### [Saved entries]
------------------------------------------------------------

lemma H1_increment:
  assumes "H1 u u'" "0 \<le> a" "a \<le> b" "b \<le> 1"
  shows "u b - u a = (LINT t:{a<..<b}|lborel. u' t)"
proof -
  have u: "u x = u 0 + interval_lebesgue_integral lborel (ereal 0) (ereal x) u'" if "0 \<le> x" "x \<le> 1" for x
  proof -
    have "\<forall>x\<in>{0..1}. u x = u 0 + (LINT t:{0..x}|lborel. u' t)"
      using assms(1) unfolding H1_def by blast
    then have "u x = u 0 + (LINT t:{0..x}|lborel. u' t)"
      by (rule bspec) (use that in auto)
    with that show ?thesis by (simp add: interval_integral_Icc)
  qed
  have "interval_lebesgue_integrable lborel (ereal 0) (ereal b) u'"
    using H1_set_integrable[OF assms(1) order_refl assms(4)] assms
    by (simp add: interval_lebesgue_integrable_def)
  then have "interval_lebesgue_integral lborel (ereal 0) (ereal a) u' + interval_lebesgue_integral lborel a b u'
      = interval_lebesgue_integral lborel (ereal 0) (ereal b) u'"
    using assms by (intro interval_integral_sum) (simp_all add: min_def max_def)
  moreover have "interval_lebesgue_integral lborel a b u' = (LINT t:{a<..<b}|lborel. u' t)"
    using assms by (simp add: interval_lebesgue_integral_def)
  ultimately show ?thesis using u[of a] u[of b] assms by (simp add: algebra_simps)
qed

definition antideriv_on :: "real \<Rightarrow> real \<Rightarrow> complex \<Rightarrow> (real \<Rightarrow> complex) \<Rightarrow> real \<Rightarrow> complex" where
  "antideriv_on \<alpha> \<beta> a g x = a + (LINT t:{0..x}|lborel. indicator {\<alpha><..<\<beta>} t * g t)"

------------------------------------------------------------

### [Exercise instructions]
The word to find is "then". Copy every line of the records that holds it.

### [Result for this exercise]
    then have "u x = u 0 + (LINT t:{0..x}|lborel. u' t)"
  then have "interval_lebesgue_integral lborel (ereal 0) (ereal a) u' + interval_lebesgue_integral lborel a b u'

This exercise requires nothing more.